* _Aim of the task_
Copy each line from the entries that the word "section" appears in.

==== Data extracts ====

lemma ordsum_commute: "ordsum A a b Fs u v = ordsum A a b Fs v u"
proof (cases u v rule: ordsum_cases)
  case (summand \<alpha>)
  then show ?thesis
    using ordsum_eq_summand[of \<alpha> v u]
      rescaled_summand.summand_commute[OF rescaled_summand[OF summand(1)]] by simp
next
  case min
  then show ?thesis by (cases v u rule: ordsum_cases) (auto simp: min.commute)
qed

lemma ordsum_across_endpoint:
  assumes "\<beta> \<in> A" "c = a \<beta> \<or> c = b \<beta>" "u < c" "c < v"
  shows "ordsum A a b Fs u v = u"
proof (cases u v rule: ordsum_cases)
  case (summand \<alpha>)
  \<comment> \<open>then \<open>c\<close> would be an endpoint of the square of \<open>\<beta>\<close> strictly inside that of \<open>\<alpha>\<close>\<close>
  then have "\<alpha> \<noteq> \<beta>" using assms by auto
  then have "b \<alpha> \<le> a \<beta> \<or> b \<beta> \<le> a \<alpha>" using squares_disjoint summand(1) assms(1) by blast
  then show ?thesis using summand(2,3) assms ordsum_data_lt[OF assms(1)] by auto
next
  case min
  then show ?thesis using assms by simp
qed

lemma ordsum_diag_above:
  assumes "\<beta> \<in> A" "b \<beta> < u"
  shows "ordsum A a b Fs u u \<in> {b \<beta>..u}"
proof (cases u u rule: ordsum_cases)
  case (summand \<alpha>)
  then have "\<alpha> \<noteq> \<beta>" using assms by auto
  then have "b \<beta> \<le> a \<alpha>"
    using squares_disjoint summand(1,2) assms ordsum_data_lt[OF assms(1)] by fastforce
  then show ?thesis
    using summand rescaled_summand.summand_in_interval rescaled_summand.summand_le_left
      rescaled_summand by (metis atLeastAtMost_iff order_trans)
next
  case min
  then show ?thesis using assms by simp
qed

end

section \<open>The decomposition set\<close>

locale decomposition_component =
  fixes f :: "real \<Rightarrow> real" and a b :: "'i \<Rightarrow> real" and \<beta> :: 'i
  assumes mono: "strict_mono_on {0..1} f"
    and nondegenerate: "s_pt f a \<beta> < t_pt f b \<beta>"
begin

abbreviation s where "s \<equiv> s_pt f a \<beta>"
abbreviation t where "t \<equiv> t_pt f b \<beta>"

lemma s_nonneg: "0 \<le> s"
  unfolding s_pt_def by (auto intro!: cInf_greatest)

lemma t_le_one: "t \<le> 1"
  unfolding t_pt_def by (auto intro!: cSup_least)

lemma s_in_unit: "s \<in> {0..1}" and t_in_unit: "t \<in> {0..1}"
  using s_nonneg t_le_one nondegenerate by auto

lemma in_unit: "x \<in> {s..t} \<Longrightarrow> x \<in> {0..1}"
  using s_nonneg t_le_one by auto

lemma s_eq_Inf: "s = Inf {x\<in>{0..1}. a \<beta> \<le> f x}"
  and s_set_nonempty: "{x\<in>{0..1}. a \<beta> \<le> f x} \<noteq> {}"
  using nondegenerate t_le_one unfolding s_pt_def by (auto split: if_splits)

lemma t_eq_Sup: "t = Sup {x\<in>{0..1}. f x \<le> b \<beta>}"
  and t_set_nonempty: "{x\<in>{0..1}. f x \<le> b \<beta>} \<noteq> {}"
  using nondegenerate s_nonneg unfolding t_pt_def by (auto split: if_splits)

lemma f_less_a_below_s:
  assumes "z \<in> {0..1}" "z < s"
  shows "f z < a \<beta>"
proof (rule ccontr)
  assume "\<not> f z < a \<beta>"
  then have "Inf {x\<in>{0..1}. a \<beta> \<le> f x} \<le> z"
    using assms(1) by (intro cInf_lower bdd_belowI[of _ 0]) auto
  then show False using assms(2) s_eq_Inf by simp
qed

lemma f_greater_a_above_s:
  assumes "z \<in> {0..1}" "s < z"
  shows "a \<beta> < f z"
proof -
  obtain z' where "z' \<in> {0..1}" "a \<beta> \<le> f z'" "z' < z"
    using cInf_lessD[OF s_set_nonempty, of z] assms(2) s_eq_Inf by auto
  then show ?thesis using strict_mono_onD[OF mono _ assms(1)] by fastforce
qed
text \<open>Write \<open>n = q m\<close>. The count \<open>N\<close> is a sum over the \<open>m\<close> blocks of the indicator that \<open>\<sigma>\<close>
  maps the block onto a tuple of \<open>S\<close>, so \<open>E N = m |S| (n - q)! / n!\<close>, which lies between
  \<open>|S| / (q n^(q-1))\<close> and \<open>1 + 2 q^2 / n\<close> times that value. Interchanging two values of \<open>\<sigma>\<close> changes
  \<open>N\<close> by at most 2, so McDiarmid's bounded-differences inequality for a uniformly random bijection
  (the Doob martingale revealing \<open>\<sigma>\<close> point by point, with Hoeffding's lemma for each increment)
  bounds the probability of a relative deviation \<open>\<epsilon>\<close> by
  \<open>2 exp (- \<epsilon>^2 |S|^2 / (8 q^2 n^(2q-1)))\<close>, which is \<open>O(n^(-K))\<close> under the growth hypothesis.\<close>

section \<open>Bijections between finite sets\<close>

text \<open>Fixing everything outside \<open>P\<close> makes these finitely many.\<close>

definition bijections :: "'a set \<Rightarrow> 'a set \<Rightarrow> ('a \<Rightarrow> 'a) set" where
  "bijections P A = {\<sigma>. bij_betw \<sigma> P A \<and> (\<forall>x. x \<notin> P \<longrightarrow> \<sigma> x = x)}"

====

* _Solution_
section \<open>The decomposition set\<close>
section \<open>Bijections between finite sets\<close>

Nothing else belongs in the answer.